**Exercise description:** Your answer must be an exact copy of the data below.

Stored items
━━━━━━━━━━━━━━━━━━━━━━━━━━━━━━

(* Let $(V,\ell)$ be an $L_\infty$-algebra with finite-dimensional components, $V_0=\mathbb{R}^n$, such that $H^1(V,\ell)=0$, and let $h_1:V_1\to V_0$, $h_2:V_2\to V_1$ be linear maps with $\ell_1\circ h_1+h_2\circ\ell_1=\mathrm{id}_{V_1}$. Let $u_0=0$ and $u_1\in\ker(\ell_1|_{V_0})$, and define recursively $u_{k+1}=-h_1(Obs^k)$ for $k\geq1$, where $Obs^k=\sum_{i=2}^{k+1}\sum_{\vec r_i=k+1}\binom{k+1}{\vec r_i}\frac1{i!}\ell_i(u_{r_1},\ldots,u_{r_i})$. Then $u[\![t]\!]=\sum_{k\geq0}\frac{u_k}{k!}t^k\in\mathbb{R}^n[\![t]\!]$ is a formal Maurer–Cartan element.
   Context: An $L_\infty$-algebra is a sequence $\ell=(\ell_k)_{k\geq0}$ of graded symmetric $k$-linear degree-$1$ maps $\ell_k:V^{\times k}\to V$, $\ell_0=0$, satisfying the $L_\infty$ Jacobi identities; $H^1(V,\ell)=\ker(\ell_1:V_1\to V_2)/\operatorname{im}(\ell_1:V_0\to V_1)$. $\sum_{\vec r_i=m}$ sums over tuples $(r_1,\ldots,r_i)$ of positive integers with sum $m$ and $\binom{k+1}{\vec r_i}=\frac{(k+1)!}{r_1!\cdots r_i!}$. A formal Maurer–Cartan element is a Maurer–Cartan element of $V[\![t]\!]$ with $t$-linearly extended $\ell_k$; for $u[\![t]\!]=\sum\frac{u_k}{k!}t^k$ with $u_0=0$ this means $\ell_1(u_{k+1})+\sum_{i=2}^{k+1}\sum_{\vec r_i=k+1}\binom{k+1}{\vec r_i}\frac1{i!}\ell_i(u_{r_1},\ldots,u_{r_i})=0$ for all $k\geq0$. *)

theory Defs
  imports "HOL-Analysis.Analysis" "HOL-Combinatorics.Permutations"
begin

text \<open>
  A graded real vector space is modelled by a family of subspaces V d (d an integer)
  of an ambient real vector space 'v; the graded space is the (external) direct sum of
  the V d.  A homogeneous element is a pair (d, v) with v in V d.  Multilinear maps on
  the direct sum are determined by their values on homogeneous arguments, so the
  brackets are given as functions l k on lists of homogeneous elements; for homogeneous
  arguments of degrees d1..dk the value of the degree-1 map l k lies in V (d1+...+dk+1).
\<close>

definition homog :: "(int \<Rightarrow> 'v::real_vector set) \<Rightarrow> (int \<times> 'v) list \<Rightarrow> bool" where
  "homog V xs \<longleftrightarrow> (\<forall>x\<in>set xs. snd x \<in> V (fst x))"

definition graded_space :: "(int \<Rightarrow> 'v::real_vector set) \<Rightarrow> bool" where
  "graded_space V \<longleftrightarrow> (\<forall>d. subspace (V d))"

definition finite_dim_components :: "(int \<Rightarrow> 'v::real_vector set) \<Rightarrow> bool" where
  "finite_dim_components V \<longleftrightarrow> (\<forall>d. \<exists>B. finite B \<and> span B = V d)"

text \<open>Koszul sign of the permutation p acting on homogeneous elements xs:
  the permuted tuple is permute_list p xs, i.e. (x_{p 0}, ..., x_{p (k-1)}).\<close>
definition koszul_sign :: "(nat \<Rightarrow> nat) \<Rightarrow> (int \<times> 'v) list \<Rightarrow> real" where
  "koszul_sign p xs =
     (if even (\<Sum>(a, b) \<in> {(a, b). a < b \<and> b < length xs \<and> p b < p a}.
                  fst (xs ! p a) * fst (xs ! p b))
      then 1 else -1)"

definition unshuffles :: "nat \<Rightarrow> nat \<Rightarrow> (nat \<Rightarrow> nat) set" where
  "unshuffles i n = {\<sigma>. \<sigma> permutes {..<n} \<and>
      (\<forall>a b. a < b \<and> b < i \<longrightarrow> \<sigma> a < \<sigma> b) \<and>
      (\<forall>a b. i \<le> a \<and> a < b \<and> b < n \<longrightarrow> \<sigma> a < \<sigma> b)}"

definition multilinear_bracket ::
  "(int \<Rightarrow> 'v::real_vector set) \<Rightarrow> nat \<Rightarrow> ((int \<times> 'v) list \<Rightarrow> 'v) \<Rightarrow> bool" where
  "multilinear_bracket V k f \<longleftrightarrow>
     (\<forall>xs j d a b c. homog V xs \<and> length xs = k \<and> j < k \<and> fst (xs ! j) = d \<and>
        a \<in> V d \<and> b \<in> V d \<longrightarrow>
        f (xs[j := (d, c *\<^sub>R a + b)]) = c *\<^sub>R f (xs[j := (d, a)]) + f (xs[j := (d, b)]))"

definition L_infinity_algebra ::
  "(int \<Rightarrow> 'v::real_vector set) \<Rightarrow> (nat \<Rightarrow> (int \<times> 'v) list \<Rightarrow> 'v) \<Rightarrow> bool" where
  "L_infinity_algebra V l \<longleftrightarrow>
     graded_space V \<and>
     l 0 [] = 0 \<and>
     (\<forall>k. multilinear_bracket V k (l k)) \<and>
     (\<forall>k xs. homog V xs \<and> length xs = k \<longrightarrow>
        l k xs \<in> V (sum_list (map fst xs) + 1)) \<and>
     (\<forall>k xs p. homog V xs \<and> length xs = k \<and> p permutes {..<k} \<longrightarrow>
        l k (permute_list p xs) = koszul_sign p xs *\<^sub>R l k xs) \<and>
     (\<forall>n xs. 1 \<le> n \<and> homog V xs \<and> length xs = n \<longrightarrow>
        (\<Sum>i\<in>{1..n}. \<Sum>\<sigma>\<in>unshuffles i n.
           koszul_sign \<sigma> xs *\<^sub>R
             (let ys = permute_list \<sigma> xs; as = take i ys
              in l (n - i + 1) ((sum_list (map fst as) + 1, l i as) # drop i ys))) = 0)"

━━━━━━━━━━━━━━━━━━━━━━━━━━━━━━

**Solution to this task:**
(* Let $(V,\ell)$ be an $L_\infty$-algebra with finite-dimensional components, $V_0=\mathbb{R}^n$, such that $H^1(V,\ell)=0$, and let $h_1:V_1\to V_0$, $h_2:V_2\to V_1$ be linear maps with $\ell_1\circ h_1+h_2\circ\ell_1=\mathrm{id}_{V_1}$. Let $u_0=0$ and $u_1\in\ker(\ell_1|_{V_0})$, and define recursively $u_{k+1}=-h_1(Obs^k)$ for $k\geq1$, where $Obs^k=\sum_{i=2}^{k+1}\sum_{\vec r_i=k+1}\binom{k+1}{\vec r_i}\frac1{i!}\ell_i(u_{r_1},\ldots,u_{r_i})$. Then $u[\![t]\!]=\sum_{k\geq0}\frac{u_k}{k!}t^k\in\mathbb{R}^n[\![t]\!]$ is a formal Maurer–Cartan element.
   Context: An $L_\infty$-algebra is a sequence $\ell=(\ell_k)_{k\geq0}$ of graded symmetric $k$-linear degree-$1$ maps $\ell_k:V^{\times k}\to V$, $\ell_0=0$, satisfying the $L_\infty$ Jacobi identities; $H^1(V,\ell)=\ker(\ell_1:V_1\to V_2)/\operatorname{im}(\ell_1:V_0\to V_1)$. $\sum_{\vec r_i=m}$ sums over tuples $(r_1,\ldots,r_i)$ of positive integers with sum $m$ and $\binom{k+1}{\vec r_i}=\frac{(k+1)!}{r_1!\cdots r_i!}$. A formal Maurer–Cartan element is a Maurer–Cartan element of $V[\![t]\!]$ with $t$-linearly extended $\ell_k$; for $u[\![t]\!]=\sum\frac{u_k}{k!}t^k$ with $u_0=0$ this means $\ell_1(u_{k+1})+\sum_{i=2}^{k+1}\sum_{\vec r_i=k+1}\binom{k+1}{\vec r_i}\frac1{i!}\ell_i(u_{r_1},\ldots,u_{r_i})=0$ for all $k\geq0$. *)

theory Defs
  imports "HOL-Analysis.Analysis" "HOL-Combinatorics.Permutations"
begin

text \<open>
  A graded real vector space is modelled by a family of subspaces V d (d an integer)
  of an ambient real vector space 'v; the graded space is the (external) direct sum of
  the V d.  A homogeneous element is a pair (d, v) with v in V d.  Multilinear maps on
  the direct sum are determined by their values on homogeneous arguments, so the
  brackets are given as functions l k on lists of homogeneous elements; for homogeneous
  arguments of degrees d1..dk the value of the degree-1 map l k lies in V (d1+...+dk+1).
\<close>

definition homog :: "(int \<Rightarrow> 'v::real_vector set) \<Rightarrow> (int \<times> 'v) list \<Rightarrow> bool" where
  "homog V xs \<longleftrightarrow> (\<forall>x\<in>set xs. snd x \<in> V (fst x))"

definition graded_space :: "(int \<Rightarrow> 'v::real_vector set) \<Rightarrow> bool" where
  "graded_space V \<longleftrightarrow> (\<forall>d. subspace (V d))"

definition finite_dim_components :: "(int \<Rightarrow> 'v::real_vector set) \<Rightarrow> bool" where
  "finite_dim_components V \<longleftrightarrow> (\<forall>d. \<exists>B. finite B \<and> span B = V d)"

text \<open>Koszul sign of the permutation p acting on homogeneous elements xs:
  the permuted tuple is permute_list p xs, i.e. (x_{p 0}, ..., x_{p (k-1)}).\<close>
definition koszul_sign :: "(nat \<Rightarrow> nat) \<Rightarrow> (int \<times> 'v) list \<Rightarrow> real" where
  "koszul_sign p xs =
     (if even (\<Sum>(a, b) \<in> {(a, b). a < b \<and> b < length xs \<and> p b < p a}.
                  fst (xs ! p a) * fst (xs ! p b))
      then 1 else -1)"

definition unshuffles :: "nat \<Rightarrow> nat \<Rightarrow> (nat \<Rightarrow> nat) set" where
  "unshuffles i n = {\<sigma>. \<sigma> permutes {..<n} \<and>
      (\<forall>a b. a < b \<and> b < i \<longrightarrow> \<sigma> a < \<sigma> b) \<and>
      (\<forall>a b. i \<le> a \<and> a < b \<and> b < n \<longrightarrow> \<sigma> a < \<sigma> b)}"

definition multilinear_bracket ::
  "(int \<Rightarrow> 'v::real_vector set) \<Rightarrow> nat \<Rightarrow> ((int \<times> 'v) list \<Rightarrow> 'v) \<Rightarrow> bool" where
  "multilinear_bracket V k f \<longleftrightarrow>
     (\<forall>xs j d a b c. homog V xs \<and> length xs = k \<and> j < k \<and> fst (xs ! j) = d \<and>
        a \<in> V d \<and> b \<in> V d \<longrightarrow>
        f (xs[j := (d, c *\<^sub>R a + b)]) = c *\<^sub>R f (xs[j := (d, a)]) + f (xs[j := (d, b)]))"

definition L_infinity_algebra ::
  "(int \<Rightarrow> 'v::real_vector set) \<Rightarrow> (nat \<Rightarrow> (int \<times> 'v) list \<Rightarrow> 'v) \<Rightarrow> bool" where
  "L_infinity_algebra V l \<longleftrightarrow>
     graded_space V \<and>
     l 0 [] = 0 \<and>
     (\<forall>k. multilinear_bracket V k (l k)) \<and>
     (\<forall>k xs. homog V xs \<and> length xs = k \<longrightarrow>
        l k xs \<in> V (sum_list (map fst xs) + 1)) \<and>
     (\<forall>k xs p. homog V xs \<and> length xs = k \<and> p permutes {..<k} \<longrightarrow>
        l k (permute_list p xs) = koszul_sign p xs *\<^sub>R l k xs) \<and>
     (\<forall>n xs. 1 \<le> n \<and> homog V xs \<and> length xs = n \<longrightarrow>
        (\<Sum>i\<in>{1..n}. \<Sum>\<sigma>\<in>unshuffles i n.
           koszul_sign \<sigma> xs *\<^sub>R
             (let ys = permute_list \<sigma> xs; as = take i ys
              in l (n - i + 1) ((sum_list (map fst as) + 1, l i as) # drop i ys))) = 0)"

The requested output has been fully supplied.